EXERCISE AIM: Once the line containing "S) * (1 / (S * \<mu>" is found in the entries below, restate it and each following line word for word, stopping after the line containing "a)) / 2 * (norm (u - xn))\<^sup>2".

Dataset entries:
━━━

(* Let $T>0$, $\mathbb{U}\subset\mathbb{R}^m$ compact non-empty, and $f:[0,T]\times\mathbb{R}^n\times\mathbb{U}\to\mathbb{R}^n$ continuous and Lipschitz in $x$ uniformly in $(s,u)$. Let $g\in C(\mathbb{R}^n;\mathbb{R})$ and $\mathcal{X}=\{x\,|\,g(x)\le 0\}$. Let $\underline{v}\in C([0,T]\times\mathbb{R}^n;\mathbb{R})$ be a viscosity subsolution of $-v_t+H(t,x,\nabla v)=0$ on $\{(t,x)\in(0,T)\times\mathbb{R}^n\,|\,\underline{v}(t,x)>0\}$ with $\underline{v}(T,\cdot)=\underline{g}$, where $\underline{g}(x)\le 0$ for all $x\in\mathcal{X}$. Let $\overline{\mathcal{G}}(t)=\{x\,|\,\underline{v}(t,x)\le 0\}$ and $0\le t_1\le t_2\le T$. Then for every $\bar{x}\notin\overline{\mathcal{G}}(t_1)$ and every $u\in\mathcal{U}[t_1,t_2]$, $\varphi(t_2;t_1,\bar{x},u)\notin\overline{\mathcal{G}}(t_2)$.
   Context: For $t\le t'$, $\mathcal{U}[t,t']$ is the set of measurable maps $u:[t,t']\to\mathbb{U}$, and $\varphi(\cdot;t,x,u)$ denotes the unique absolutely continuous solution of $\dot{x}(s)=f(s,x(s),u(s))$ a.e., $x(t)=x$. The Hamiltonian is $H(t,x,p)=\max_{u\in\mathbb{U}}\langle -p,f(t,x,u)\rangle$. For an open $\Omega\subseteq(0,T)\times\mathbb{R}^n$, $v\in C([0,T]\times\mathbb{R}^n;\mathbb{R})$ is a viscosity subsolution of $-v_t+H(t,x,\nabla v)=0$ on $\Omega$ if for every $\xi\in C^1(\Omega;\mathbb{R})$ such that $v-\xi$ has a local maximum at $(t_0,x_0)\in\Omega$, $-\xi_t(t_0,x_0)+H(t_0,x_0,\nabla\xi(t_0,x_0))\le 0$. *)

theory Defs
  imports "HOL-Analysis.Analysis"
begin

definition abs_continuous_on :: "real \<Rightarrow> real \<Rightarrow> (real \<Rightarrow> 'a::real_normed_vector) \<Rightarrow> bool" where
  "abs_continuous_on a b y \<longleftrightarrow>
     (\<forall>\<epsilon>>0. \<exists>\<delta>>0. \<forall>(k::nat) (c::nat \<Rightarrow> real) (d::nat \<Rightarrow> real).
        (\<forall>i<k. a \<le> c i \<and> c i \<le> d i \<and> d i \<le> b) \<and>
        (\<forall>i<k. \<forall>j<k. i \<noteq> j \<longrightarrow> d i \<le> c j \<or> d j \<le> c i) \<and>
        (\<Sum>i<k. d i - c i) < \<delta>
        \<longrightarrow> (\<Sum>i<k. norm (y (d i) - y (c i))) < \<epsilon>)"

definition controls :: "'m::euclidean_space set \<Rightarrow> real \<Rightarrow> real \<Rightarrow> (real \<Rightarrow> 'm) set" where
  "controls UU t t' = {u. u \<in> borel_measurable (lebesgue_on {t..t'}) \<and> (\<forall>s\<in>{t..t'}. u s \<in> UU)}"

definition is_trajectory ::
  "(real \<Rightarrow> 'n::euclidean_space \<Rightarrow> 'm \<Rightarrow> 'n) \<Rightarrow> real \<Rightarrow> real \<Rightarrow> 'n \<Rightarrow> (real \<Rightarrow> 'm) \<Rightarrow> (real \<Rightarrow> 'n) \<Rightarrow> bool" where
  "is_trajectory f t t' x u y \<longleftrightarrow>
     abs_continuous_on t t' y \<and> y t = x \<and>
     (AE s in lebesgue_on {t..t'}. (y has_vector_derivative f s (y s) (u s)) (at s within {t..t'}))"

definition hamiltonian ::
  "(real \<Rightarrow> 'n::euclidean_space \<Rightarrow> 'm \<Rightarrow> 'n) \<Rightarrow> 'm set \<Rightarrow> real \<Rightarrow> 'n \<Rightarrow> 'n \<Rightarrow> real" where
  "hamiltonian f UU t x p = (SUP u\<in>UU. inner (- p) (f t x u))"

━━━

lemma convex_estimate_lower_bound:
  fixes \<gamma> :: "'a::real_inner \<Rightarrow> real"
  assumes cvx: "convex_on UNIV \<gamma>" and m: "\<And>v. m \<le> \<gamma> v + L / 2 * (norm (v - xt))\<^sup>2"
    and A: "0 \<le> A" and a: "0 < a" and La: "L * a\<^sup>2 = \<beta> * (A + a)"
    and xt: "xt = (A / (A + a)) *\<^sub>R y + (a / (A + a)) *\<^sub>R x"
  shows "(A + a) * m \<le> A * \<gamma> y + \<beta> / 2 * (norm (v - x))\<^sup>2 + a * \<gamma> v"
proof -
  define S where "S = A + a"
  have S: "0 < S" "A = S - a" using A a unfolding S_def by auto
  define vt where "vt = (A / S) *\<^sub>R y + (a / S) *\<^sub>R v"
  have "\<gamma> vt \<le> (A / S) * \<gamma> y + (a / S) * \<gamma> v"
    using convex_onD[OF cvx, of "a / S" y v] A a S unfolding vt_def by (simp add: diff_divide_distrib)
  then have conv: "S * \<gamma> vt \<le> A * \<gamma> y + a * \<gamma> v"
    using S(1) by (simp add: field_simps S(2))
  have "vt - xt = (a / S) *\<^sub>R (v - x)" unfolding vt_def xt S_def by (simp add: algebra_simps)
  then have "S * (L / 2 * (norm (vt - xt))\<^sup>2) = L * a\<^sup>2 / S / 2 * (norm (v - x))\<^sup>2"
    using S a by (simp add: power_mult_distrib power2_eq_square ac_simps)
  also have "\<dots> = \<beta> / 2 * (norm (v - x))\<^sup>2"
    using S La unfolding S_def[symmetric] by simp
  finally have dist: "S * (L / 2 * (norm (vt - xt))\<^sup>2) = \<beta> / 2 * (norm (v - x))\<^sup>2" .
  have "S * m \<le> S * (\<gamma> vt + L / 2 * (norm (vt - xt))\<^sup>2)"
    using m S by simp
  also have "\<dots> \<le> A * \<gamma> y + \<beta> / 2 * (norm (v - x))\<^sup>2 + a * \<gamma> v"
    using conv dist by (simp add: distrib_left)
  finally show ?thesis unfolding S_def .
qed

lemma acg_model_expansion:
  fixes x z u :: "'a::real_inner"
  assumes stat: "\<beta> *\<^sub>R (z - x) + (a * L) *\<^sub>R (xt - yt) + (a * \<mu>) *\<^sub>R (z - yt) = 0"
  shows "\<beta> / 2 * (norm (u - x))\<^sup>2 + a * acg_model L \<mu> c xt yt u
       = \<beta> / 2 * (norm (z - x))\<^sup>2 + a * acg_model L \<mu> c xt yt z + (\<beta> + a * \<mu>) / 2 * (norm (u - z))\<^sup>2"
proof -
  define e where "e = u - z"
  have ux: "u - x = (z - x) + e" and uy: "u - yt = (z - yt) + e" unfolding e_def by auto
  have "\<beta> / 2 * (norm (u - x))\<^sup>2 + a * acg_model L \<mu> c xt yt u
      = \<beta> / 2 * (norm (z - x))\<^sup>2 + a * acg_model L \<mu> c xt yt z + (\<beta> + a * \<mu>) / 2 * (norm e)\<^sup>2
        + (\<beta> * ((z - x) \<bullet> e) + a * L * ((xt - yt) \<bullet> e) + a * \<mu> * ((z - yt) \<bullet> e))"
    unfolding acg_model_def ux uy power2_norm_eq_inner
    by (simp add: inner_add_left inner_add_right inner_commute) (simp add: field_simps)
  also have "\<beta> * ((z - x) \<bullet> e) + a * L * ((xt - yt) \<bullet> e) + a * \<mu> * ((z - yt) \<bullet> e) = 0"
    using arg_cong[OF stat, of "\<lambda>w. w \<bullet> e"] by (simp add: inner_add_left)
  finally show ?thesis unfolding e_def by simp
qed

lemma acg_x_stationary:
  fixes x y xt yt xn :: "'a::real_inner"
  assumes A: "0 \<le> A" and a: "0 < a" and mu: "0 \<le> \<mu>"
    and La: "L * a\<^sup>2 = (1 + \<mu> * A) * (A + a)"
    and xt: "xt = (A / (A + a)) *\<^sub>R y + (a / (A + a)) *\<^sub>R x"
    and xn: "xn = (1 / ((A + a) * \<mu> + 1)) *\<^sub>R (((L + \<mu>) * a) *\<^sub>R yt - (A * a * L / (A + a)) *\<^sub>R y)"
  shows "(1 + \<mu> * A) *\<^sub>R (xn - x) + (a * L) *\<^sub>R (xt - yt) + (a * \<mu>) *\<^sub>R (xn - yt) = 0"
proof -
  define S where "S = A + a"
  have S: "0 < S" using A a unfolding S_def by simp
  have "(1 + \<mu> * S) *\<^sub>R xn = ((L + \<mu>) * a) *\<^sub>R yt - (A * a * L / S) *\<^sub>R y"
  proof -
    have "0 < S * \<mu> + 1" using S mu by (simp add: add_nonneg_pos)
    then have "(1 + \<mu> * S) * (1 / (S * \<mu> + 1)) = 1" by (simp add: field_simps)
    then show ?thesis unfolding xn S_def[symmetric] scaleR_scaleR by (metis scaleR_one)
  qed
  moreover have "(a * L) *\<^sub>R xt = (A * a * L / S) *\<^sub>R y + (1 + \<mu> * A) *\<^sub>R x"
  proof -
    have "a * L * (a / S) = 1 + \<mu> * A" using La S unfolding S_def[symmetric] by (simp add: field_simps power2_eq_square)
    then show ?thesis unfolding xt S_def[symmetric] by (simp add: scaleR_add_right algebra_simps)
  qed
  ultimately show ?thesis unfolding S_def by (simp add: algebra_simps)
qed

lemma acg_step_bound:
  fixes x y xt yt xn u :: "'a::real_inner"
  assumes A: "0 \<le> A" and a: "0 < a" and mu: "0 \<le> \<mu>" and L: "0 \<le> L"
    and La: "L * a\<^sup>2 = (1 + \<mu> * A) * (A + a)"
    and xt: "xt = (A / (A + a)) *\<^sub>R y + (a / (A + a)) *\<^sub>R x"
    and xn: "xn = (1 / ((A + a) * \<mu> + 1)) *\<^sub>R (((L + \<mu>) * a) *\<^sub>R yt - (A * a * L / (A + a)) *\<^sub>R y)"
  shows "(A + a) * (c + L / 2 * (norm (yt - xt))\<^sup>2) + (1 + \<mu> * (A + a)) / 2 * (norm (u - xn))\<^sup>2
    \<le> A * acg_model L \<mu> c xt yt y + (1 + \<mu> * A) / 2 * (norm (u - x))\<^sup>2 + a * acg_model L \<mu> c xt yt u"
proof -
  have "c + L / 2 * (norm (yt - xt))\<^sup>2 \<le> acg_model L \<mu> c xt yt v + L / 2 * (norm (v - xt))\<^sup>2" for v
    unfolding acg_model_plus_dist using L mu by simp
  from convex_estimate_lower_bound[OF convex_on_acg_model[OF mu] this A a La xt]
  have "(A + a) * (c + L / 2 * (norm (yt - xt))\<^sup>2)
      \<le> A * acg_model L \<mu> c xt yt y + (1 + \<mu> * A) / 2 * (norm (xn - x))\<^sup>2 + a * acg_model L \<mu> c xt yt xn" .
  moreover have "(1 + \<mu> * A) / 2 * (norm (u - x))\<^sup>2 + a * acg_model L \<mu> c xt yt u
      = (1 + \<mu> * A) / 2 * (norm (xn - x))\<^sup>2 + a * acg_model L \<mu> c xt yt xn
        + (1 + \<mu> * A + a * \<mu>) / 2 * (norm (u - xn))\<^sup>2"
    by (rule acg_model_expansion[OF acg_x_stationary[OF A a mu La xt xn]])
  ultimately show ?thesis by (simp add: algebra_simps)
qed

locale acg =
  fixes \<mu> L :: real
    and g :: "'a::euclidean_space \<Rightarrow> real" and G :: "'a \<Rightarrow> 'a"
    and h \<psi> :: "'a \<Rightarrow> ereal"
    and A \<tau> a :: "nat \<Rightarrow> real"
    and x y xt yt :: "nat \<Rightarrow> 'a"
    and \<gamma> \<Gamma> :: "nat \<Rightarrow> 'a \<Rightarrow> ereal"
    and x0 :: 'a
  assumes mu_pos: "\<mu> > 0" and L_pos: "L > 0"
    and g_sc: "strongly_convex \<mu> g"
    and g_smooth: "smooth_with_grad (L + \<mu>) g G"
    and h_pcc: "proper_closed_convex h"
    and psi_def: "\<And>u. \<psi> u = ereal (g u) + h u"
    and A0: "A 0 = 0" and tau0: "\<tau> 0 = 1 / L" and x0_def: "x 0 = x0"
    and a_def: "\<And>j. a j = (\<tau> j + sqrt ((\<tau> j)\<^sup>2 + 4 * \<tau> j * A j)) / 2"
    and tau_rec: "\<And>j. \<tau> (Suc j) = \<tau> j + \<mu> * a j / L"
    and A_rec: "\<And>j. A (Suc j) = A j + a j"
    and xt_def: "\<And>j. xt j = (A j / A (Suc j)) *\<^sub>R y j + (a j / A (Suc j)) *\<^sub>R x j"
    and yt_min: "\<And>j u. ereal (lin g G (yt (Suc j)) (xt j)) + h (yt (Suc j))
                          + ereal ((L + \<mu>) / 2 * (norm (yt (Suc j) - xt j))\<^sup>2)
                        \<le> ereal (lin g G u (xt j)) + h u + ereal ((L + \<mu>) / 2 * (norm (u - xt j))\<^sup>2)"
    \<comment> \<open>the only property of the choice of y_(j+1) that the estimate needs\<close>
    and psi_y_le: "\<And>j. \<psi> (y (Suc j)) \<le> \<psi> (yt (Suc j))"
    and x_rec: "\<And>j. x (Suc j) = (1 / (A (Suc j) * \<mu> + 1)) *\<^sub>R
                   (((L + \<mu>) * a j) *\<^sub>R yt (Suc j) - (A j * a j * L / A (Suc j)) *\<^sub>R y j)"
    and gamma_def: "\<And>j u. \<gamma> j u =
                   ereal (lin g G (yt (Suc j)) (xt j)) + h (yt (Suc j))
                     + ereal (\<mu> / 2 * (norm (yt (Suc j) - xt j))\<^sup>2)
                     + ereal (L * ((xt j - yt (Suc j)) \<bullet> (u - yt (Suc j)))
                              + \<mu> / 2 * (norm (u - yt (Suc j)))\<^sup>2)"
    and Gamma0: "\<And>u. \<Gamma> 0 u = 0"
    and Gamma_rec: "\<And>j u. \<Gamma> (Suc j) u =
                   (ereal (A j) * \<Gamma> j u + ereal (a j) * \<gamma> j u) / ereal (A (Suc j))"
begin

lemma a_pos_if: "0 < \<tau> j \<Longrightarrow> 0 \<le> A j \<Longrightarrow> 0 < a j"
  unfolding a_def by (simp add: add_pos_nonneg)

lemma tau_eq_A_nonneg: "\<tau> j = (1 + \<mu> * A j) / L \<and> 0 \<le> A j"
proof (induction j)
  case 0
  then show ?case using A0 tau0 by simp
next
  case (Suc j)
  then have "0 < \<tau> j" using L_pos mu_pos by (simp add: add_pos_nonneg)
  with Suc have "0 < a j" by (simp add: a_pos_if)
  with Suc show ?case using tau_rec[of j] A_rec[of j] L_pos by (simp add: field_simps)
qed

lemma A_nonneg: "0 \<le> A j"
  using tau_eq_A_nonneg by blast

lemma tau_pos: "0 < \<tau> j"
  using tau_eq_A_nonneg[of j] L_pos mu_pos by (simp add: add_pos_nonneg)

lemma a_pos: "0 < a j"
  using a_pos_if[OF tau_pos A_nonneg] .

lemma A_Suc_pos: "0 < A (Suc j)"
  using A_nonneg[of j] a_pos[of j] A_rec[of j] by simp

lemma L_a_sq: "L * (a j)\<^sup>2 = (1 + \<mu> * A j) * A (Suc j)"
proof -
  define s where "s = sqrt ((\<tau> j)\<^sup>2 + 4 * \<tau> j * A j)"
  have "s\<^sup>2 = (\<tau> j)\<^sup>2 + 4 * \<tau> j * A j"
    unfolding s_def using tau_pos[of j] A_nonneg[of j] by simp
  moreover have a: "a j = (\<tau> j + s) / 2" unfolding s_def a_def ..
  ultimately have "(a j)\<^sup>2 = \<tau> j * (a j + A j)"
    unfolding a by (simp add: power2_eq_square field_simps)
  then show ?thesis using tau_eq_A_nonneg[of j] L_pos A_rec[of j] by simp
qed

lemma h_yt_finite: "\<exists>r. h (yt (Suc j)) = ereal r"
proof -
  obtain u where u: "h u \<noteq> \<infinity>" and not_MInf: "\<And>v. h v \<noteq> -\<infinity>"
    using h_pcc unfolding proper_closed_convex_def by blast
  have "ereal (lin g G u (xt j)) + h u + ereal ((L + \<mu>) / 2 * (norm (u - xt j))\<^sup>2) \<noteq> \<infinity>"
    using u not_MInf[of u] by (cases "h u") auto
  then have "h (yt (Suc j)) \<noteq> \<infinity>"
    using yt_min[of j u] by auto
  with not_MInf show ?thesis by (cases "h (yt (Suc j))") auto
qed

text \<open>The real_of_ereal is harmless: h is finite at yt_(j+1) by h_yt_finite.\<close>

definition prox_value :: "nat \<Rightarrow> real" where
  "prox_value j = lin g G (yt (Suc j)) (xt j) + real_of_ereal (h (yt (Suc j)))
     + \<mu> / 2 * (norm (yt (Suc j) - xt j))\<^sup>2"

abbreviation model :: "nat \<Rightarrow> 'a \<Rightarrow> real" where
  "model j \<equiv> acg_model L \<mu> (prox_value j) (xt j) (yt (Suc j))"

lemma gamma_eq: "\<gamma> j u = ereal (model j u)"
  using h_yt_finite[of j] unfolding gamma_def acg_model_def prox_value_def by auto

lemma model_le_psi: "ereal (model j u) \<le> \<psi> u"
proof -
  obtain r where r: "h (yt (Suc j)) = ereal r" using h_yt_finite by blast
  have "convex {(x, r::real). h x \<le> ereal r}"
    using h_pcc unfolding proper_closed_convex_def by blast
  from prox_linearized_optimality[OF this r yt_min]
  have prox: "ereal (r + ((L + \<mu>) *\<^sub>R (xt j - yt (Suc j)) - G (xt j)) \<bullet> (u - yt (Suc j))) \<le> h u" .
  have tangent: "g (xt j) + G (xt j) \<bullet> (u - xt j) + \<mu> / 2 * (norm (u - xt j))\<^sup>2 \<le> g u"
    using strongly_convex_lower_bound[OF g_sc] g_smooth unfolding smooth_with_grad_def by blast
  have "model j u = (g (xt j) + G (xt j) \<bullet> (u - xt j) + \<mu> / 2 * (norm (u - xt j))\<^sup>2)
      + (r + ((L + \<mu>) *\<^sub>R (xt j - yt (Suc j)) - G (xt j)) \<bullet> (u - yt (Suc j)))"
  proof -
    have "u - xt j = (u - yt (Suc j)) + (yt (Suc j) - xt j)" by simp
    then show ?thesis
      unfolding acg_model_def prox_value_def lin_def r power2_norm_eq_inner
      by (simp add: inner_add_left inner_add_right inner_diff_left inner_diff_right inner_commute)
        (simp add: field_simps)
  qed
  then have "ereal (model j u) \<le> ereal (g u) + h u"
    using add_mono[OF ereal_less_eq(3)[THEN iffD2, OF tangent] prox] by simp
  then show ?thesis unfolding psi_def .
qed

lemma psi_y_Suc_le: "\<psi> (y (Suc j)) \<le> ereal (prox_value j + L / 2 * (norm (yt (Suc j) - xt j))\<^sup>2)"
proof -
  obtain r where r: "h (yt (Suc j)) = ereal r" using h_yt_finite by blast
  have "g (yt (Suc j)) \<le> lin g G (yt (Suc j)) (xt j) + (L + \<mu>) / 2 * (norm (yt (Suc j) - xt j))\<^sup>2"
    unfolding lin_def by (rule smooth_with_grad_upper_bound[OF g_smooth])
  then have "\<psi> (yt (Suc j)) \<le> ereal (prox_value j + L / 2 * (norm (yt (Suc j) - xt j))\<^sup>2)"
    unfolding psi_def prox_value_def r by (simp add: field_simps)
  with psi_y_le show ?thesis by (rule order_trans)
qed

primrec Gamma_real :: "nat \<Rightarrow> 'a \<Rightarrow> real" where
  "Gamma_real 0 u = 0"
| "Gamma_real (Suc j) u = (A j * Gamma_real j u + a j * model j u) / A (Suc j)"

━━━

TASK OUTPUT:
    then have "(1 + \<mu> * S) * (1 / (S * \<mu> + 1)) = 1" by (simp add: field_simps)
    then show ?thesis unfolding xn S_def[symmetric] scaleR_scaleR by (metis scaleR_one)
  qed
  moreover have "(a * L) *\<^sub>R xt = (A * a * L / S) *\<^sub>R y + (1 + \<mu> * A) *\<^sub>R x"
  proof -
    have "a * L * (a / S) = 1 + \<mu> * A" using La S unfolding S_def[symmetric] by (simp add: field_simps power2_eq_square)
    then show ?thesis unfolding xt S_def[symmetric] by (simp add: scaleR_add_right algebra_simps)
  qed
  ultimately show ?thesis unfolding S_def by (simp add: algebra_simps)
qed

lemma acg_step_bound:
  fixes x y xt yt xn u :: "'a::real_inner"
  assumes A: "0 \<le> A" and a: "0 < a" and mu: "0 \<le> \<mu>" and L: "0 \<le> L"
    and La: "L * a\<^sup>2 = (1 + \<mu> * A) * (A + a)"
    and xt: "xt = (A / (A + a)) *\<^sub>R y + (a / (A + a)) *\<^sub>R x"
    and xn: "xn = (1 / ((A + a) * \<mu> + 1)) *\<^sub>R (((L + \<mu>) * a) *\<^sub>R yt - (A * a * L / (A + a)) *\<^sub>R y)"
  shows "(A + a) * (c + L / 2 * (norm (yt - xt))\<^sup>2) + (1 + \<mu> * (A + a)) / 2 * (norm (u - xn))\<^sup>2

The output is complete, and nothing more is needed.